◆ **Exercise prompt**: Could you set down every record below exactly as it appears?

◆ **Records for the exercise**:
·····

(* $(\mathbb{S},\sigma)$ is the final $F$-coalgebra in $\mathbf{Met_3}^{C}$.
   Context: A tripointed metric space is a set with three distinct points $T,L,R$ and a metric bounded by $1$ in which $T,L,R$ have pairwise distance $1$. $\mathbf{Met_3}^{C}$: tripointed metric spaces with continuous maps preserving $T,L,R$. Let $M=\{a,b,c\}$. For a tripointed metric space $X$, $M\times X$ has metric $d((m,x),(n,y))=\tfrac12d(x,y)$ if $m=n$ and $1$ otherwise; $M\otimes X$ is the quotient metric space by the equivalence relation generated by $(b,T)\sim(a,L)$, $(a,R)\sim(c,T)$, $(c,L)\sim(b,R)$, with elements $m\otimes x$ and distinguished points $a\otimes T,b\otimes L,c\otimes R$; $F=M\otimes-$ with $(M\otimes f)(m\otimes x)=m\otimes f(x)$. A coalgebra is $(X,e\colon X\to FX)$; it is final if every coalgebra has a unique coalgebra morphism $h$ into it ($\beta\circ h=Fh\circ\alpha$). The Sierpinski gasket $\mathbb{S}\subset\mathbb{R}^2$ is the unique nonempty compact set with $\mathbb{S}=\sigma_a(\mathbb{S})\cup\sigma_b(\mathbb{S})\cup\sigma_c(\mathbb{S})$, where $\sigma_a(x,y)=(x/2,y/2)+(1/4,\sqrt3/4)$, $\sigma_b(x,y)=(x/2,y/2)$, $\sigma_c(x,y)=(x/2,y/2)+(1/2,0)$; it carries the Euclidean metric and distinguished points $T=(1/2,\sqrt3/2)$, $L=(0,0)$, $R=(1,0)$. The map $\tau\colon M\otimes\mathbb{S}\to\mathbb{S}$, $\tau(m\otimes x)=\sigma_m(x)$, is a bijection preserving distinguished points, and $\sigma=\tau^{-1}\colon\mathbb{S}\to M\otimes\mathbb{S}$. *)

theory Defs
  imports "HOL-Analysis.Analysis"
begin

·····

◆ **Reply to the exercise**:
(* $(\mathbb{S},\sigma)$ is the final $F$-coalgebra in $\mathbf{Met_3}^{C}$.
   Context: A tripointed metric space is a set with three distinct points $T,L,R$ and a metric bounded by $1$ in which $T,L,R$ have pairwise distance $1$. $\mathbf{Met_3}^{C}$: tripointed metric spaces with continuous maps preserving $T,L,R$. Let $M=\{a,b,c\}$. For a tripointed metric space $X$, $M\times X$ has metric $d((m,x),(n,y))=\tfrac12d(x,y)$ if $m=n$ and $1$ otherwise; $M\otimes X$ is the quotient metric space by the equivalence relation generated by $(b,T)\sim(a,L)$, $(a,R)\sim(c,T)$, $(c,L)\sim(b,R)$, with elements $m\otimes x$ and distinguished points $a\otimes T,b\otimes L,c\otimes R$; $F=M\otimes-$ with $(M\otimes f)(m\otimes x)=m\otimes f(x)$. A coalgebra is $(X,e\colon X\to FX)$; it is final if every coalgebra has a unique coalgebra morphism $h$ into it ($\beta\circ h=Fh\circ\alpha$). The Sierpinski gasket $\mathbb{S}\subset\mathbb{R}^2$ is the unique nonempty compact set with $\mathbb{S}=\sigma_a(\mathbb{S})\cup\sigma_b(\mathbb{S})\cup\sigma_c(\mathbb{S})$, where $\sigma_a(x,y)=(x/2,y/2)+(1/4,\sqrt3/4)$, $\sigma_b(x,y)=(x/2,y/2)$, $\sigma_c(x,y)=(x/2,y/2)+(1/2,0)$; it carries the Euclidean metric and distinguished points $T=(1/2,\sqrt3/2)$, $L=(0,0)$, $R=(1,0)$. The map $\tau\colon M\otimes\mathbb{S}\to\mathbb{S}$, $\tau(m\otimes x)=\sigma_m(x)$, is a bijection preserving distinguished points, and $\sigma=\tau^{-1}\colon\mathbb{S}\to M\otimes\mathbb{S}$. *)

theory Defs
  imports "HOL-Analysis.Analysis"
begin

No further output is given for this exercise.